** EXCERPTED DATA follows **
lemma arg_min_Vdiv_plus_linear:
  fixes u G :: "real^'n"
  assumes L: "L > 0"
  shows "arg_min (\<lambda>z. Vdiv L z u + c * (G \<bullet> z)) (\<lambda>_. True) = u - (c / L) *\<^sub>R G"
proof -
  define z\<^sub>0 where "z\<^sub>0 = u - (c / L) *\<^sub>R G"
  define F where "F z = Vdiv L z u + c * (G \<bullet> z)" for z
  \<comment> \<open>completing the square\<close>
  have F: "F z = F z\<^sub>0 + L / 2 * (norm (z - z\<^sub>0))\<^sup>2" for z
  proof -
    define w where "w = z - z\<^sub>0"
    have z_u: "z - u = w - (c / L) *\<^sub>R G"
      unfolding z\<^sub>0_def w_def by simp
    have zu: "(norm (z - u))\<^sup>2 = (norm w)\<^sup>2 - 2 * (c / L) * (w \<bullet> G) + (c / L)\<^sup>2 * (norm G)\<^sup>2"
      unfolding z_u power2_norm_eq_inner
      by (simp add: inner_diff_left inner_diff_right inner_commute power2_eq_square algebra_simps)
    have z\<^sub>0u: "(norm (z\<^sub>0 - u))\<^sup>2 = (c / L)\<^sup>2 * (norm G)\<^sup>2"
      unfolding z\<^sub>0_def by (simp add: power_mult_distrib power_divide)
    have Gz: "G \<bullet> z = G \<bullet> w + G \<bullet> z\<^sub>0"
      unfolding w_def by (simp add: inner_diff_right)
    show ?thesis
      unfolding F_def Vdiv_eq zu z\<^sub>0u Gz w_def[symmetric] using L
      by (simp add: field_simps power2_eq_square inner_commute)
  qed
  show ?thesis
    unfolding F_def[symmetric] z\<^sub>0_def[symmetric]
  proof (rule arg_minI[where x = z\<^sub>0])
    fix z
    show "\<not> F z < F z\<^sub>0"
      using F[of z] L by (simp add: not_less)
  next
    fix z
    assume "\<forall>y. True \<longrightarrow> \<not> F y < F z"
    then have "\<not> F z\<^sub>0 < F z"
      by blast
    then have "L / 2 * (norm (z - z\<^sub>0))\<^sup>2 \<le> 0"
      using F[of z] by linarith
    then show "z = z\<^sub>0"
      using L by (simp add: mult_le_0_iff)
  qed simp
qed

lemma integrable_continuous_AE_compact:
  fixes \<phi> :: "'a::topological_space \<Rightarrow> 'b::{banach, second_countable_topology}"
  assumes "finite_measure M" and sets_M: "sets M = sets borel"
    and K: "compact K" "AE x in M. x \<in> K"
    and cont: "continuous_on UNIV \<phi>"
  shows "integrable M \<phi>"
proof -
  interpret finite_measure M by fact
  have "measurable M borel = measurable borel (borel :: 'b measure)"
    by (rule measurable_cong_sets[OF sets_M refl])
  then have "\<phi> \<in> borel_measurable M"
    using borel_measurable_continuous_onI[OF cont] by simp
  moreover obtain B where B: "\<And>x. x \<in> K \<Longrightarrow> norm (\<phi> x) \<le> B"
    using compact_imp_bounded[OF compact_continuous_image[OF continuous_on_subset[OF cont] K(1)]]
    by (auto simp: bounded_iff)
  have "AE x in M. norm (\<phi> x) \<le> B"
    using K(2) by (auto intro: B elim: eventually_mono)
  ultimately show ?thesis
    using integrable_const_bound by blast
qed

lemma isotropic_inner_mult_integral:
  fixes E :: "'a \<Rightarrow> real^'n" and a b :: "real^'n"
  assumes int: "\<And>i j. integrable M (\<lambda>x. E x $ i * E x $ j)"
    and cross: "\<And>i j. i \<noteq> j \<Longrightarrow> (\<integral>x. E x $ i * E x $ j \<partial>M) = 0"
    and diag: "\<And>i. (\<integral>x. (E x $ i)\<^sup>2 \<partial>M) = c"
  shows "(\<integral>x. (a \<bullet> E x) * (b \<bullet> E x) \<partial>M) = c * (a \<bullet> b)"
proof -
  have moment: "(\<integral>x. E x $ i * E x $ j \<partial>M) = (if i = j then c else 0)" for i j
    using cross[of i j] diag[of i] by (auto simp: power2_eq_square)
  have "(a \<bullet> E x) * (b \<bullet> E x) = (\<Sum>i\<in>UNIV. \<Sum>j\<in>UNIV. (a $ i * b $ j) * (E x $ i * E x $ j))" for x
    by (simp add: inner_vec_def sum_product algebra_simps)
  then have "(\<integral>x. (a \<bullet> E x) * (b \<bullet> E x) \<partial>M)
      = (\<Sum>i\<in>UNIV. \<Sum>j\<in>UNIV. (a $ i * b $ j) * (\<integral>x. E x $ i * E x $ j \<partial>M))"
    by (simp add: int)
  also have "\<dots> = c * (a \<bullet> b)"
    unfolding moment by (simp add: if_distrib sum.delta inner_vec_def sum_distrib_left mult_ac cong: if_cong)
  finally show ?thesis .
qed

lemma (in prob_space) expectation_abs_le_sqrt_second_moment:
  fixes X :: "'a \<Rightarrow> real"
  assumes "integrable M X" and "integrable M (\<lambda>x. (X x)\<^sup>2)"
  shows "expectation (\<lambda>x. \<bar>X x\<bar>) \<le> sqrt (expectation (\<lambda>x. (X x)\<^sup>2))"
proof -
  have "(expectation (\<lambda>x. \<bar>X x\<bar>))\<^sup>2 \<le> expectation (\<lambda>x. \<bar>X x\<bar>\<^sup>2)"
    by (rule jensens_inequality[where I = UNIV]) (use assms in \<open>auto intro: convex_power2\<close>)
  then show ?thesis
    by (simp add: real_le_rsqrt)
qed

lemma mtm_A_Suc: "mtm_A n (Suc k) = mtm_A n k + mtm_alpha n (Suc k)"
  by (simp add: mtm_A_def)

lemma mtm_A_closed_form:
  assumes "n \<ge> 1"
  shows "mtm_A n k = 1 - 1 / real n + (2 * real n * real k + real k * (real k - 1) / 2) / (2 * (real n)\<^sup>2)"
proof (induction k)
  case 0
  then show ?case by (simp add: mtm_A_def)
next
  case (Suc k)
  show ?case
    unfolding mtm_A_Suc Suc.IH using assms by (simp add: field_simps power2_eq_square)
qed

lemma mtm_A_nonneg:
  assumes "n \<ge> 1"
  shows "mtm_A n k \<ge> 0"
proof -
  have "mtm_alpha n i \<ge> 0" for i
    using assms by (cases i) (auto simp: field_simps)
  then show ?thesis
    unfolding mtm_A_def by (simp add: sum_nonneg)
qed

lemma mtm_alpha_Suc_pos: "n \<ge> 1 \<Longrightarrow> mtm_alpha n (Suc k) > 0"
  by simp

lemma mtm_sq_alpha_le_A:
  assumes "n \<ge> 1"
  shows "(real n)\<^sup>2 * (mtm_alpha n (Suc k))\<^sup>2 \<le> mtm_A n (Suc k)"
proof -
  have "mtm_A n (Suc k) - (real n)\<^sup>2 * (mtm_alpha n (Suc k))\<^sup>2 = real k / (4 * (real n)\<^sup>2)"
    unfolding mtm_A_closed_form[OF assms] using assms by (simp add: field_simps power2_eq_square)
  moreover have "real k / (4 * (real n)\<^sup>2) \<ge> 0"
    by simp
  ultimately show ?thesis
    by linarith
qed

lemma mtm_y_combination:
  "mtm_A CARD('n) (Suc k) *\<^sub>R mtm_y k x u
    = mtm_A CARD('n) k *\<^sub>R x + mtm_alpha CARD('n) (Suc k) *\<^sub>R (u :: real^'n)"
proof -
  have n: "CARD('n) \<ge> 1"
    by (simp add: Suc_le_eq)
  show ?thesis
    using mtm_A_nonneg[OF n, of k] mtm_alpha_Suc_pos[OF n, of k]
    by (simp add: mtm_y_def mtm_A_Suc add.commute)
qed

lemma mtm_u_next_eq:
  assumes "L > 0"
  shows "mtm_u_next g L k x u e d
    = u - (mtm_alpha CARD('n) (Suc k) / L) *\<^sub>R grad_est g e d (mtm_y k x (u :: real^'n))"
  unfolding mtm_u_next_def by (rule arg_min_Vdiv_plus_linear[OF assms])

subsection \<open>One step for a fixed realisation\<close>

lemma step_error_bound:
  fixes a d \<delta> r :: real
  assumes r: "0 \<le> r" "r \<le> 1" and d: "\<bar>d\<bar> \<le> \<delta>"
  shows "a\<^sup>2 * (r * (r - 1) / 2) + a * d * r\<^sup>2 + d\<^sup>2 * ((r\<^sup>2 + r) / 2) \<le> \<delta> * \<bar>a\<bar> + \<delta>\<^sup>2"
proof -
  have r2: "0 \<le> r\<^sup>2" "r\<^sup>2 \<le> 1"
    using r by (auto simp: power_le_one)
  have "a\<^sup>2 * (r * (r - 1) / 2) \<le> 0"
    using r by (intro mult_nonneg_nonpos) (auto simp: mult_nonneg_nonpos)
  moreover have "a * d * r\<^sup>2 \<le> \<delta> * \<bar>a\<bar>"
  proof -
    have ad: "a * d \<le> \<bar>a\<bar> * \<bar>d\<bar>"
      by (metis abs_ge_self abs_mult)
    have "a * d * r\<^sup>2 \<le> (\<bar>a\<bar> * \<bar>d\<bar>) * 1"
      using mult_mono[OF ad r2(2) _ r2(1)] by simp
    also have "\<dots> \<le> \<delta> * \<bar>a\<bar>"
      using mult_left_mono[OF d abs_ge_zero[of a]] by (simp add: mult.commute)
    finally show ?thesis .
  qed
  moreover have "d\<^sup>2 * ((r\<^sup>2 + r) / 2) \<le> \<delta>\<^sup>2 * 1"
  proof (rule mult_mono)
    show "d\<^sup>2 \<le> \<delta>\<^sup>2"
      using power_mono[OF d, of 2] by simp
  qed (use r r2 in auto)
  ultimately show ?thesis
    by linarith
qed

lemma mtm_step_realisation_bound:
  fixes f :: "real^'n \<Rightarrow> real" and y uk u e :: "real^'n"
  defines "N \<equiv> real CARD('n)"
  assumes grad: "\<And>x. (f has_derivative (\<lambda>h. g x \<bullet> h)) (at x)"
    and lip: "\<And>x y. norm (g x - g y) \<le> L * norm (x - y)"
    and L: "L > 0" and \<alpha>: "\<alpha> \<ge> 0" and A: "A > 0" and \<alpha>A: "N\<^sup>2 * \<alpha>\<^sup>2 \<le> A"
    and e: "norm e = 1" and d: "\<bar>d\<bar> \<le> \<delta>"
    and u': "u' = uk - (\<alpha> / L) *\<^sub>R grad_est g e d y"
    and x': "x' = y + (N * \<alpha> / A) *\<^sub>R (u' - uk)"
  shows "A * f x' + Vdiv L u u'
    \<le> A * f y + Vdiv L u uk + \<alpha> * N * (g y \<bullet> e) * ((u - uk) \<bullet> e)
       + \<alpha> * N * \<delta> * \<bar>(u - uk) \<bullet> e\<bar> + A / L * \<delta> * \<bar>g y \<bullet> e\<bar> + A / L * \<delta>\<^sup>2"
proof -
  define a where "a = g y \<bullet> e"
  define v where "v = u - uk"
  define r where "r = N\<^sup>2 * \<alpha>\<^sup>2 / A"
  define c where "c = r * (a + d) / L"
  have N: "N \<ge> 0"
    unfolding N_def by simp
  have ee: "e \<bullet> e = 1"
    using e by (simp add: power2_norm_eq_inner[symmetric])
  have u'_eq: "u - u' = v + (\<alpha> * N * (a + d) / L) *\<^sub>R e"
    unfolding u' v_def a_def grad_est_def N_def by (simp add: algebra_simps add_divide_distrib)
  have x'_eq: "x' = y - c *\<^sub>R e"
    unfolding x' u' c_def r_def a_def grad_est_def N_def using A L
    by (simp add: algebra_simps add_divide_distrib power2_eq_square)
  have smooth: "f x' \<le> f y - c * a + L / 2 * c\<^sup>2"
    using lipschitz_gradient_upper_bound[OF grad lip, of x' y] e
    unfolding x'_eq a_def by (simp add: power_mult_distrib)
  have V: "Vdiv L u u' = Vdiv L u uk + \<alpha> * N * (a + d) * (v \<bullet> e) + (\<alpha> * N * (a + d))\<^sup>2 / (2 * L)"
  proof -
    have "(norm (u - u'))\<^sup>2 = (norm v)\<^sup>2 + 2 * (\<alpha> * N * (a + d) / L) * (v \<bullet> e) + (\<alpha> * N * (a + d) / L)\<^sup>2"
      unfolding u'_eq power2_norm_eq_inner using ee
      by (simp add: inner_add_left inner_add_right inner_commute power2_eq_square algebra_simps)
    moreover have "L / 2 * ((norm v)\<^sup>2 + 2 * (P / L) * (v \<bullet> e) + (P / L)\<^sup>2)
        = L / 2 * (norm v)\<^sup>2 + P * (v \<bullet> e) + P\<^sup>2 / (2 * L)" for P
      using L by (simp add: field_simps power2_eq_square)
    ultimately show ?thesis
      unfolding Vdiv_eq v_def[symmetric] by simp
  qed
  have "r \<ge> 0" "r \<le> 1"
    unfolding r_def using \<alpha>A A by auto
  from step_error_bound[OF this d, of a]
  have "A / L * (a\<^sup>2 * (r * (r - 1) / 2) + a * d * r\<^sup>2 + d\<^sup>2 * ((r\<^sup>2 + r) / 2))
      \<le> A / L * (\<delta> * \<bar>a\<bar> + \<delta>\<^sup>2)"
    using A L by (intro mult_left_mono) auto
  \<comment> \<open>the quadratic terms of both steps combine into the form bounded by \<open>step_error_bound\<close>\<close>
  moreover have "A * (- c * a + L / 2 * c\<^sup>2) + \<alpha> * N * d * (v \<bullet> e) + (\<alpha> * N * (a + d))\<^sup>2 / (2 * L)
      = \<alpha> * N * d * (v \<bullet> e) + A / L * (a\<^sup>2 * (r * (r - 1) / 2) + a * d * r\<^sup>2 + d\<^sup>2 * ((r\<^sup>2 + r) / 2))"
    unfolding c_def r_def using A L by (simp add: field_simps power2_eq_square)
  moreover have "\<alpha> * N * d * (v \<bullet> e) \<le> \<alpha> * N * \<delta> * \<bar>v \<bullet> e\<bar>"
  proof -
    have "d * (v \<bullet> e) \<le> \<bar>d\<bar> * \<bar>v \<bullet> e\<bar>"
      by (metis abs_ge_self abs_mult)
    also have "\<dots> \<le> \<delta> * \<bar>v \<bullet> e\<bar>"
      using d by (rule mult_right_mono) simp
    finally show ?thesis
      using \<alpha> N by (simp add: mult_left_mono mult.assoc)
  qed
  moreover have "A * f x' \<le> A * (f y - c * a + L / 2 * c\<^sup>2)"
    using smooth A by (intro mult_left_mono) auto
  ultimately show ?thesis
    unfolding V a_def[symmetric] v_def[symmetric] by (simp add: algebra_simps)
qed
** End of EXCERPTED DATA **
# [ABOUT THIS TASK]
Filter on the word "intro": copy each matching line from the entries above.

# [REPLY TO THE EXERCISE]
    using K(2) by (auto intro: B elim: eventually_mono)
    by (rule jensens_inequality[where I = UNIV]) (use assms in \<open>auto intro: convex_power2\<close>)
    using r by (intro mult_nonneg_nonpos) (auto simp: mult_nonneg_nonpos)
    using A L by (intro mult_left_mono) auto
    using smooth A by (intro mult_left_mono) auto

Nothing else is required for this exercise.